Renewable vs. nonrenewable resources

Presentation content:

• Resources can be divided into renewable and nonrenewable resources.
  • Renewable resources can be replenished over relatively short time spans.
    • Plants and animals for food
    • Fiber for clothing
    • Trees for lumber and paper
    • Energy from the Sun, wind, and flowing water
  • Nonrenewable resources are deposits that take millions of years to form.
    • Fossil fuels
    • Metals
    • Groundwater

Notes from the lecture:

• Self explanatory
• There is a sustainable limit to renewable resources if you over-exploit them
• Is not individual use, it is about how much of these resources are used in a year

23.2 Energy Resources: Fossil Fuels

Compare and contrast fossil-fuel types and describe how each of them contributes to U.S. energy consumption.

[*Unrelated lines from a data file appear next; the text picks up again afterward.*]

lemma prob_bind_pmf_le:
  assumes "c \<ge> 0" "\<And>x. x \<in> set_pmf M \<Longrightarrow> measure_pmf.prob (f x) A \<le> c * indicator B x"
  shows "measure_pmf.prob (bind_pmf M f) A \<le> c * measure_pmf.prob M B"
proof -
  have "measure_pmf.prob (bind_pmf M f) A \<le> measure_pmf.expectation M (\<lambda>x. c * indicator B x)"
    unfolding prob_bind_pmf
    by (intro integral_mono_AE AE_pmfI assms measure_pmf.integrable_const_bound[of _ 1]
              measure_pmf.integrable_const_bound[of _ c])
       (use assms(1) in \<open>auto simp: indicator_def\<close>)
  then show ?thesis by simp
qed

section \<open>Dissemination on a fixed graph\<close>

type_synonym graph = "nat \<times> nat \<Rightarrow> bool"

definition relay_nodes :: "nat \<Rightarrow> nat \<Rightarrow> nat \<Rightarrow> nat set" where
  "relay_nodes n w v = {u. u < n \<and> u \<noteq> w \<and> u \<noteq> v}"

text \<open>An upper bound on the size of the set from which node u picks its broadcast
  (exact for R1).\<close>

definition choice_bound :: "algo \<Rightarrow> nat \<Rightarrow> graph \<Rightarrow> nat \<Rightarrow> real" where
  "choice_bound a n g u = (case a of R1 \<Rightarrow> real (card (round1_recv n g u)) | R2 \<Rightarrow> real n)"

definition relay_miss :: "algo \<Rightarrow> nat \<Rightarrow> graph \<Rightarrow> nat \<Rightarrow> nat \<Rightarrow> nat \<Rightarrow> real" where
  "relay_miss a n g w v u = (if g (w, u) \<and> g (u, v) then 1 - 1 / choice_bound a n g u else 1)"

text \<open>Given the graph, in every round each relay u on a path w \<rightarrow> u \<rightarrow> v independently
  forwards packet w with probability at least 1 / choice_bound, so v misses w in a round
  with probability at most miss_factor.\<close>

definition miss_factor :: "algo \<Rightarrow> nat \<Rightarrow> graph \<Rightarrow> nat \<Rightarrow> nat \<Rightarrow> real" where
  "miss_factor a n g w v = (\<Prod>u\<in>relay_nodes n w v. relay_miss a n g w v u)"

definition received_invariant :: "nat \<Rightarrow> graph \<Rightarrow> (nat \<Rightarrow> nat set) \<Rightarrow> bool" where
  "received_invariant n g s \<longleftrightarrow> (\<forall>u<n. round1_recv n g u \<subseteq> s u \<and> s u \<subseteq> {..<n})"

lemma finite_relay_nodes [simp]: "finite (relay_nodes n w v)"
  by (simp add: relay_nodes_def)

lemma card_relay_nodes:
  assumes "w < n" "v < n" "w \<noteq> v"
  shows "card (relay_nodes n w v) = n - 2"
proof -
  have "relay_nodes n w v = {..<n} - {w, v}" by (auto simp: relay_nodes_def)
  then show ?thesis using assms by (simp add: card_Diff_subset)
qed

lemma round1_recv_subset: "round1_recv n g u \<subseteq> {..<n}"
  by (auto simp: round1_recv_def)

lemma relay_miss_nonneg: "0 \<le> relay_miss a n g w v u"
  by (cases a) (auto simp: relay_miss_def choice_bound_def divide_le_eq)

lemma miss_factor_nonneg: "0 \<le> miss_factor a n g w v"
  unfolding miss_factor_def by (intro prod_nonneg) (simp add: relay_miss_nonneg)

lemma choice_set_subset:
  assumes "received_invariant n g s" "u < n"
  shows "choice_set a n g s u \<subseteq> {..<n}"
  using assms round1_recv_subset by (cases a) (auto simp: choice_set_def received_invariant_def)

lemma broadcast_in_range:
  assumes "received_invariant n g s" "b \<in> set_pmf (broadcast_pmf a n g s)" "u < n"
  shows "b u < n"
proof -
  let ?C = "choice_set a n g s u"
  have "b \<in> PiE_dflt {..<n} 0 (\<lambda>u. set_pmf (if choice_set a n g s u = {} then return_pmf u
                                          else pmf_of_set (choice_set a n g s u)))"
    using assms(2) unfolding broadcast_pmf_def by (subst (asm) set_Pi_pmf) (auto simp: o_def)
  then have "b u \<in> set_pmf (if ?C = {} then return_pmf u else pmf_of_set ?C)"
    using assms(3) by (auto simp: PiE_dflt_def)
  moreover have "finite ?C" using choice_set_subset[OF assms(1,3)] finite_subset by blast
  ultimately show ?thesis
    using choice_set_subset[OF assms(1,3)] assms(3) by (auto split: if_splits)
qed

lemma history_length_invariant:
  "h \<in> set_pmf (history a n g (Suc k)) \<Longrightarrow> length h = k + 2 \<and> received_invariant n g (last h)"
proof (induction k arbitrary: h)
  case 0
  then show ?case by (auto simp: received_invariant_def round1_recv_subset)
next
  case (Suc k)
  from Suc.prems obtain h0 b where h0: "h0 \<in> set_pmf (history a n g (Suc k))"
    and b: "b \<in> set_pmf (broadcast_pmf a n g (last h0))"
    and h: "h = h0 @ [(\<lambda>v. last h0 v \<union> {b u | u. u < n \<and> g (u, v)})]"
    by auto
  have IH: "length h0 = k + 2" "received_invariant n g (last h0)" using Suc.IH[OF h0] by auto
  have "received_invariant n g (\<lambda>v. last h0 v \<union> {b u | u. u < n \<and> g (u, v)})"
    using IH(2) broadcast_in_range[OF IH(2) b] unfolding received_invariant_def by auto
  then show ?case using IH h by simp
qed

lemma prob_pmf_of_set_avoids:
  assumes "finite C" "w \<in> C"
  shows "measure_pmf.prob (pmf_of_set C) (-{w}) = 1 - 1 / real (card C)"
proof -
  have ne: "C \<noteq> {}" and "card C \<ge> 1" using assms by (auto simp: Suc_le_eq card_gt_0_iff)
  moreover have "card (C \<inter> -{w}) = card C - 1" using assms
    by (metis Diff_eq card_Diff_singleton)
  ultimately show ?thesis using measure_pmf_of_set[OF ne assms(1)]
    by (simp add: of_nat_diff field_simps)
qed

lemma prob_choice_avoids_le:
  fixes a :: algo
  assumes inv: "received_invariant n g s" and "u < n" "w < n" "g (w, u)"
  defines "C \<equiv> choice_set a n g s u"
  shows "measure_pmf.prob (if C = {} then return_pmf u else pmf_of_set C) (-{w})
           \<le> 1 - 1 / choice_bound a n g u"
proof -
  have C_sub: "C \<subseteq> {..<n}" unfolding C_def by (rule choice_set_subset[OF inv \<open>u < n\<close>])
  have "w \<in> round1_recv n g u" using assms(3,4) by (simp add: round1_recv_def)
  then have w_in: "w \<in> C" using inv \<open>u < n\<close>
    by (cases a) (auto simp: C_def choice_set_def received_invariant_def)
  have fin: "finite C" using C_sub finite_subset by blast
  then have "card C > 0" using w_in card_gt_0_iff by blast
  moreover have "real (card C) \<le> choice_bound a n g u"
  proof (cases a)
    case R2
    have "card C \<le> card {..<n}" using C_sub by (intro card_mono) auto
    then show ?thesis using R2 by (simp add: choice_bound_def)
  qed (simp add: C_def choice_set_def choice_bound_def)
  ultimately show ?thesis using w_in fin by (auto simp: prob_pmf_of_set_avoids frac_le)
qed

lemma prob_broadcast_misses_le:
  assumes inv: "received_invariant n g s" and wv: "w < n" "v < n" "w \<noteq> v"
  shows "measure_pmf.prob (broadcast_pmf a n g s)
           {b. w \<notin> s v \<union> {b u | u. u < n \<and> g (u, v)}} \<le> miss_factor a n g w v"
proof -
  define P where "P u \<longleftrightarrow> u \<in> relay_nodes n w v \<and> g (w, u) \<and> g (u, v)" for u
  define B where "B u = (if P u then -{w} else UNIV)" for u
  let ?F = "\<lambda>u. if choice_set a n g s u = {} then return_pmf u else pmf_of_set (choice_set a n g s u)"
  have "measure_pmf.prob (broadcast_pmf a n g s) {b. w \<notin> s v \<union> {b u | u. u < n \<and> g (u, v)}}
        \<le> measure_pmf.prob (broadcast_pmf a n g s) (Pi {..<n} B)"
    by (intro measure_pmf.finite_measure_mono) (auto simp: B_def P_def relay_nodes_def)
  also have "\<dots> = (\<Prod>u<n. measure_pmf.prob (?F u) (B u))"
    unfolding broadcast_pmf_def by (rule measure_Pi_pmf_Pi) simp
  also have "\<dots> \<le> (\<Prod>u<n. if P u then relay_miss a n g w v u else 1)"
    using prob_choice_avoids_le[OF inv _ wv(1)]
    by (intro prod_mono) (auto simp: B_def P_def relay_miss_def relay_nodes_def)
  also have "\<dots> = miss_factor a n g w v"
    unfolding miss_factor_def prod.If_cases[OF finite_lessThan]
    by (simp, rule prod.mono_neutral_left) (auto simp: P_def relay_nodes_def relay_miss_def)
  finally show ?thesis .
qed
(* Let $T=((\Omega,\mathcal{A}),\{(\Omega,\mathcal{M}_i)\}_{i\in N},\{t_i\}_{i\in N})$ be a type space. The players' beliefs in $T$ are universally consistent if and only if for every finite $I\subseteq N$ and every $I$-common certainty component $S$, the players' beliefs in the induced type space $T_S$ (with player set $I$) are consistent.
   Context: A field on a set $X$ is a collection of subsets of $X$ containing $X$ and closed under complements and finite intersections. For a field $\mathcal{A}$ on $\Omega$, $\mathrm{pba}(\Omega,\mathcal{A})$ is the set of finitely additive nonnegative $P:\mathcal{A}\to\mathbb{R}$ with $P(\Omega)=1$; $B(\Omega,\mathcal{A})$ the sup-norm closure of the linear span of indicators of sets in $\mathcal{A}$; the space of bounded finitely additive set functions carries the weak* topology (weakest making $\mu\mapsto\int f\,d\mu$ continuous for all $f\in B(\Omega,\mathcal{A})$), $\overline{\,\cdot\,}^\ast$ denotes weak* closure. A type space is $((\Omega,\mathcal{A}),\{(\Omega,\mathcal{M}_i)\}_{i\in N},\{t_i\}_{i\in N})$ with $N$ a nonempty set of players, fields $\mathcal{M}_i\subseteq\mathcal{A}$ on a set $\Omega$, and $t_i:\Omega\times\mathcal{A}\to[0,1]$ with: $t_i(\omega,\cdot)\in\mathrm{pba}(\Omega,\mathcal{A})$; $t_i(\cdot,E)\in B(\Omega,\mathcal{M}_i)$ for all $E\in\mathcal{A}$; $t_i(\omega,E)=1$ whenever $E\in\mathcal{M}_i$, $\omega\in E$. For each player $i$, $\Pi_i=\overline{\mathrm{conv}\{t_i(\omega,\cdot):\omega\in\Omega\}}^\ast$ (equivalently the $P\in\mathrm{pba}(\Omega,\mathcal{A})$ with $P(E\cap F)=\int_F t_i(\cdot,E)\,dP$ for all $E\in\mathcal{A},F\in\mathcal{M}_i$). The players' beliefs in a type space are consistent if $\bigcap_{i\in J}\Pi_i\ne\emptyset$ for every finite set $J$ of its players. For $I\subseteq N$, a nonempty $S\subseteq\Omega$ is an $I$-common certainty component if there is $E\in\mathcal{A}$ with $E\subseteq S$ and $t_i(\omega,E)=1$ for all $\omega\in S$, $i\in I$. The induced type space is $T_S=((S,\mathcal{A}^S),\{(S,\mathcal{M}_i^S)\}_{i\in I},\{t_i^S\}_{i\in I})$ with $\mathcal{A}^S=\{F\cap S:F\in\mathcal{A}\}$, $\mathcal{M}_i^S=\{F\cap S:F\in\mathcal{M}_i\}$, $t_i^S(\omega,F\cap S)=t_i(\omega,F)$ for $\omega\in S$, $F\in\mathcal{A}$. The players' beliefs in $T$ are universally consistent if for every finite $I\subseteq N$ and every $I$-common certainty component $S$ there exists $P\in\bigcap_{i\in I}\Pi_i$ with $\inf\{P(E):E\in\mathcal{A},S\subseteq E\}>0$. *)

theory Defs
  imports "HOL-Analysis.Analysis"
begin

text \<open>Fields on a set are the library's algebras of sets: "algebra X F".
  Set functions are total functions on sets; a set function on the field A is represented
  extensionally (value 0 outside A).\<close>

definition restrict_sf :: "'w set set \<Rightarrow> ('w set \<Rightarrow> real) \<Rightarrow> 'w set \<Rightarrow> real" where
  "restrict_sf A g = (\<lambda>E. if E \<in> A then g E else 0)"

definition ba :: "'w set \<Rightarrow> 'w set set \<Rightarrow> ('w set \<Rightarrow> real) set" where
  "ba \<Omega> A = {\<mu>. (\<forall>E. E \<notin> A \<longrightarrow> \<mu> E = 0)
      \<and> (\<forall>E\<in>A. \<forall>F\<in>A. E \<inter> F = {} \<longrightarrow> \<mu> (E \<union> F) = \<mu> E + \<mu> F)
      \<and> (\<exists>c. \<forall>E\<in>A. \<bar>\<mu> E\<bar> \<le> c)}"

definition pba :: "'w set \<Rightarrow> 'w set set \<Rightarrow> ('w set \<Rightarrow> real) set" where
  "pba \<Omega> A = {P. (\<forall>E. E \<notin> A \<longrightarrow> P E = 0)
      \<and> (\<forall>E\<in>A. \<forall>F\<in>A. E \<inter> F = {} \<longrightarrow> P (E \<union> F) = P E + P F)
      \<and> (\<forall>E\<in>A. 0 \<le> P E) \<and> P \<Omega> = 1}"

definition simple_funs :: "'w set \<Rightarrow> 'w set set \<Rightarrow> ('w \<Rightarrow> real) set" where
  "simple_funs \<Omega> A = {f. \<exists>(k::nat) c E. (\<forall>j<k. E j \<in> A)
      \<and> (\<forall>x\<in>\<Omega>. f x = (\<Sum>j<k. c j * indicator (E j) x))}"

definition Bfun :: "'w set \<Rightarrow> 'w set set \<Rightarrow> ('w \<Rightarrow> real) set" where
  "Bfun \<Omega> A = {f. \<forall>\<epsilon>>0. \<exists>s\<in>simple_funs \<Omega> A. \<forall>x\<in>\<Omega>. \<bar>f x - s x\<bar> < \<epsilon>}"

definition simple_integral :: "'w set \<Rightarrow> 'w set set \<Rightarrow> ('w set \<Rightarrow> real) \<Rightarrow> ('w \<Rightarrow> real) \<Rightarrow> real" where
  "simple_integral \<Omega> A \<mu> f = (THE r. \<exists>(k::nat) c E. (\<forall>j<k. E j \<in> A)
      \<and> (\<forall>x\<in>\<Omega>. f x = (\<Sum>j<k. c j * indicator (E j) x))
      \<and> r = (\<Sum>j<k. c j * \<mu> (E j)))"

definition charge_integral :: "'w set \<Rightarrow> 'w set set \<Rightarrow> ('w set \<Rightarrow> real) \<Rightarrow> ('w \<Rightarrow> real) \<Rightarrow> real" where
  "charge_integral \<Omega> A \<mu> f = (THE r. \<forall>\<epsilon>>0. \<exists>\<delta>>0. \<forall>s\<in>simple_funs \<Omega> A.
      (\<forall>x\<in>\<Omega>. \<bar>f x - s x\<bar> < \<delta>) \<longrightarrow> \<bar>simple_integral \<Omega> A \<mu> s - r\<bar> < \<epsilon>)"

definition wstar_top :: "'w set \<Rightarrow> 'w set set \<Rightarrow> ('w set \<Rightarrow> real) topology" where
  "wstar_top \<Omega> A = topology_generated_by
     {{\<mu> \<in> ba \<Omega> A. charge_integral \<Omega> A \<mu> f \<in> U} | f U. f \<in> Bfun \<Omega> A \<and> open U}"

definition conv_sf :: "('w set \<Rightarrow> real) set \<Rightarrow> ('w set \<Rightarrow> real) set" where
  "conv_sf K = {\<mu>. \<exists>(k::nat) a p. 0 < k \<and> (\<forall>j<k. 0 \<le> a j \<and> p j \<in> K) \<and> (\<Sum>j<k. a j) = 1
      \<and> \<mu> = (\<lambda>E. \<Sum>j<k. a j * p j E)}"

definition type_space :: "'w set \<Rightarrow> 'w set set \<Rightarrow> 'i set \<Rightarrow> ('i \<Rightarrow> 'w set set)
    \<Rightarrow> ('i \<Rightarrow> 'w \<Rightarrow> 'w set \<Rightarrow> real) \<Rightarrow> bool" where
  "type_space \<Omega> A N M t \<longleftrightarrow> N \<noteq> {} \<and> algebra \<Omega> A
     \<and> (\<forall>i\<in>N. algebra \<Omega> (M i) \<and> M i \<subseteq> A)
     \<and> (\<forall>i\<in>N. \<forall>\<omega>\<in>\<Omega>. \<forall>E\<in>A. 0 \<le> t i \<omega> E \<and> t i \<omega> E \<le> 1)
     \<and> (\<forall>i\<in>N. \<forall>\<omega>\<in>\<Omega>. restrict_sf A (t i \<omega>) \<in> pba \<Omega> A)
     \<and> (\<forall>i\<in>N. \<forall>E\<in>A. (\<lambda>\<omega>. t i \<omega> E) \<in> Bfun \<Omega> (M i))
     \<and> (\<forall>i\<in>N. \<forall>E\<in>M i. \<forall>\<omega>\<in>E. t i \<omega> E = 1)"

definition Pi_set :: "'w set \<Rightarrow> 'w set set \<Rightarrow> ('i \<Rightarrow> 'w \<Rightarrow> 'w set \<Rightarrow> real) \<Rightarrow> 'i
    \<Rightarrow> ('w set \<Rightarrow> real) set" where
  "Pi_set \<Omega> A t i = (wstar_top \<Omega> A) closure_of
     (conv_sf {restrict_sf A (t i \<omega>) | \<omega>. \<omega> \<in> \<Omega>})"

definition consistent :: "'w set \<Rightarrow> 'w set set \<Rightarrow> 'i set
    \<Rightarrow> ('i \<Rightarrow> 'w \<Rightarrow> 'w set \<Rightarrow> real) \<Rightarrow> bool" where
  "consistent \<Omega> A N t \<longleftrightarrow>
     (\<forall>J. finite J \<and> J \<subseteq> N \<longrightarrow> (\<Inter>i\<in>J. Pi_set \<Omega> A t i) \<noteq> {})"

definition common_certainty_component :: "'w set \<Rightarrow> 'w set set
    \<Rightarrow> ('i \<Rightarrow> 'w \<Rightarrow> 'w set \<Rightarrow> real) \<Rightarrow> 'i set \<Rightarrow> 'w set \<Rightarrow> bool" where
  "common_certainty_component \<Omega> A t I S \<longleftrightarrow> S \<noteq> {} \<and> S \<subseteq> \<Omega>
     \<and> (\<exists>E\<in>A. E \<subseteq> S \<and> (\<forall>\<omega>\<in>S. \<forall>i\<in>I. t i \<omega> E = 1))"

text \<open>Induced type space on S: trace fields and t_i^S(\<omega>, F \<inter> S) = t_i(\<omega>, F).\<close>
definition trace_field :: "'w set set \<Rightarrow> 'w set \<Rightarrow> 'w set set" where
  "trace_field A S = {F \<inter> S | F. F \<in> A}"

definition induced_t :: "'w set set \<Rightarrow> 'w set \<Rightarrow> ('i \<Rightarrow> 'w \<Rightarrow> 'w set \<Rightarrow> real)
    \<Rightarrow> 'i \<Rightarrow> 'w \<Rightarrow> 'w set \<Rightarrow> real" where
  "induced_t A S t i \<omega> G = t i \<omega> (SOME F. F \<in> A \<and> G = F \<inter> S)"

definition universally_consistent :: "'w set \<Rightarrow> 'w set set \<Rightarrow> 'i set
    \<Rightarrow> ('i \<Rightarrow> 'w \<Rightarrow> 'w set \<Rightarrow> real) \<Rightarrow> bool" where
  "universally_consistent \<Omega> A N t \<longleftrightarrow>
     (\<forall>I S. finite I \<and> I \<subseteq> N \<and> common_certainty_component \<Omega> A t I S \<longrightarrow>
        (\<exists>P\<in>pba \<Omega> A. (\<forall>i\<in>I. P \<in> Pi_set \<Omega> A t i)
            \<and> Inf {P E | E. E \<in> A \<and> S \<subseteq> E} > 0))"

end

(*
  Both directions go through priors on the trace field of S.  A common prior Q of T_S lifts to
  P F = Q (F \<inter> S), which is a common prior of T because for \<omega> \<in> S the induced type of
  F \<inter> S is the type of F, and which gives probability 1 to every event containing S.

  Conversely, let P be a common prior of the players in I with P F bounded away from 0 on the
  events F containing S, and let E \<subseteq> S be an event of which all players in I are certain on S.
  Approximating t_i(., E) by an M_i-simple function gives an M_i-event W \<supseteq> S on which
  t_i(., E) > 1/2, hence P E \<ge> P W / 2 > 0.  Then Q (F \<inter> S) = P (F | E) is a common prior of T_S:
  cut \<Omega> into finitely many M_i-cells on which every type of i is nearly constant on finitely
  many given events; since every type is certain of its own cell, P (G \<inter> E \<inter> C) is close to
  P (E \<inter> C) t_i(x_C, G) for a point x_C of E \<inter> C, so the convex combination of the types at the
  x_C with weights P (C | E) is close to P (. | E) on the given events.

  Weak* closures of sets of probabilities are handled through their description by
  approximation on finitely many events.
*)
theory Submission
  imports Defs
begin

Coal, petroleum, and natural gas

Presentation content:

• Coal, petroleum, and natural gas are the primary fossil fuels in society.
  • 81 percent of energy consumed in the U.S. comes from fossil fuels.
  • Fossil fuels use energy from the Sun stored by plants and animals millions of years ago.
  • Reserves are declining and future energy needs will have to be met with alternative energy sources.

Notes from the lecture:

• Showing what the percentage of these different resources are used towards energy

Coal

Presentation content:

• Today, accounts for ~18 percent of the nation’s energy needs
  • The major fuel used in power plants to generate electricity.
• Though the percentage of energy used that is derived from coal is decreasing, the energy demand continues to increase—so this does not mean we are using less coal!
  • Problems with coal use include environmental damage from mining and air pollution from burning it.

Notes from the lecture:

• Anthracite is the highest concentration of coal

Oil and Natural Gas

Presentation content:

• Combined, provide more than 60 percent of the energy consumed in the United States

  • In 2011, natural gas production exceeded coal production for the first time in 30 years

• Petroleum formation

  • Both oil and natural gas consist of hydrocarbon compounds
  • Formation begins with the burial of large quantities of organic material
  • Organic material is transformed to liquid and gaseous hydrocarbons through chemical reactions with increasing burial over millions of years
  • Liquids and gases migrate into permeable beds

• An oil trap is an environment that allows for economically significant amounts of oil and gas to accumulate underground.

  • All traps have two basic conditions: (1) reservoir rock—A porous, permeable unit; (2) cap rock—An impermeable unit.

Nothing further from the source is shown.